§ **Task directions**
Looking at the data below, how many lines include the word "then"? Respond with the number only.

§ **Provided information**
= Beginning of Section =

text \<open>The recursion of \<open>\<tau>\<close> from \<open>(r, a)\<close> to \<open>(r - a, \<langle>r\<rangle>_{r-a})\<close> and \<open>(a, \<langle>-r\<rangle>_a)\<close> is matched
  by inverses \<open>b - q\<close> and \<open>q\<close>, where \<open>a b - q r = 1\<close>; these pairs satisfy the hypothesis of
  \<open>ceil_step_eq_of_det\<close>.\<close>

lemma ceil_step_tau_succ:
  assumes "admissible r a" "0 \<le> i" "i < r" "0 < b" "b < r" "(a * b) mod r = 1"
  shows "ceil_step r b (tau r a i + 1) = ceil_step r b i"
  using assms
proof (induction r a i arbitrary: b rule: tau.induct)
  case (1 r a i)
  have "a \<noteq> 0" using 1(8) by auto
  then have adm: "0 < a" "a < r" using 1(3) unfolding admissible_def by auto
  show ?case
  proof (cases "a = 1 \<or> a = r - 1")
    case True
    then show ?thesis using 1(6-8) by (rule ceil_step_tau_succ_base)
  next
    case False
    then have a: "1 < a" "a < r - 1" using adm by auto
    then have rec: "\<not> (r \<le> 1 \<or> a \<le> 0 \<or> r \<le> a \<or> a = 1 \<or> a = r - 1)" by auto
    obtain q where q: "a * b - q * r = 1" "0 < q" "q < a" "q < b" "b - q < r - a"
      and inv_left: "(r mod (r - a) * (b - q)) mod (r - a) = 1" and inv_right: "((- r) mod a * q) mod a = 1"
      using recursion_inverses[OF a 1(6-8)] .
    show ?thesis
    proof (cases "a \<le> i")
      case True
      define t where "t = tau (r - a) (r mod (r - a)) (i mod (r - a))"
      have adm_left: "admissible (r - a) (r mod (r - a))" using admissible_left 1(3) adm by blast
      have t: "0 \<le> t" "t < r - a" using tau_range[OF adm_left] a unfolding t_def by auto
      have det: "(b - q) * r - b * (r - a) = 1" using q(1) by (simp add: algebra_simps)
      have "ceil_step r b (tau r a i + 1) = ceil_step (r - a) (b - q) (t + 1)"
        using tau_left[OF a True] ceil_step_eq_of_det[OF _ _ det] t a unfolding t_def by simp
      also have "\<dots> = ceil_step (r - a) (b - q) (i mod (r - a))"
        unfolding t_def using 1(1)[OF rec True adm_left _ _ _ _ inv_left] q a by simp
      also have "\<dots> = ceil_step (r - a) (b - q) i"
        using q by (intro ceil_step_cong) auto
      also have "\<dots> = ceil_step r b i"
        using ceil_step_eq_of_det[OF _ _ det] True 1(5) a by simp
      finally show ?thesis .
    next
      case False
      define t where "t = tau a ((- r) mod a) i"
      have adm_right: "admissible a ((- r) mod a)" using admissible_right 1(3) adm by blast
      have t: "0 \<le> t" "t < a" using tau_range[OF adm_right] False 1(4) unfolding t_def by auto
      have det: "b * a - q * r = 1" using q(1) by (simp add: algebra_simps)
      have "tau r a i + 1 = (t + 1 - a) + 1 * r"
        using tau_right[OF a] False unfolding t_def by simp
      then have "(tau r a i + 1) mod r = (t + 1 - a) mod r" by (simp only: mod_mult_self1)
      then have "ceil_step r b (tau r a i + 1) = ceil_step r b (t + 1 - a)"
        using 1(6,7) by (intro ceil_step_cong) auto
      also have "\<dots> = ceil_step a q (t + 1 - a)"
        using ceil_step_eq_of_det[OF _ _ det] t a by simp
      also have "\<dots> = ceil_step a q (t + 1)"
        using q by (intro ceil_step_cong) auto
      also have "\<dots> = ceil_step a q i"
        unfolding t_def using 1(2)[OF rec False adm_right _ _ _ _ inv_right] 1(4) False q by simp
      also have "\<dots> = ceil_step r b i"
        using ceil_step_eq_of_det[OF _ _ det] False 1(4) a by simp
      finally show ?thesis .
    qed
  qed
qed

= End of Section =

§ **Answer box**
6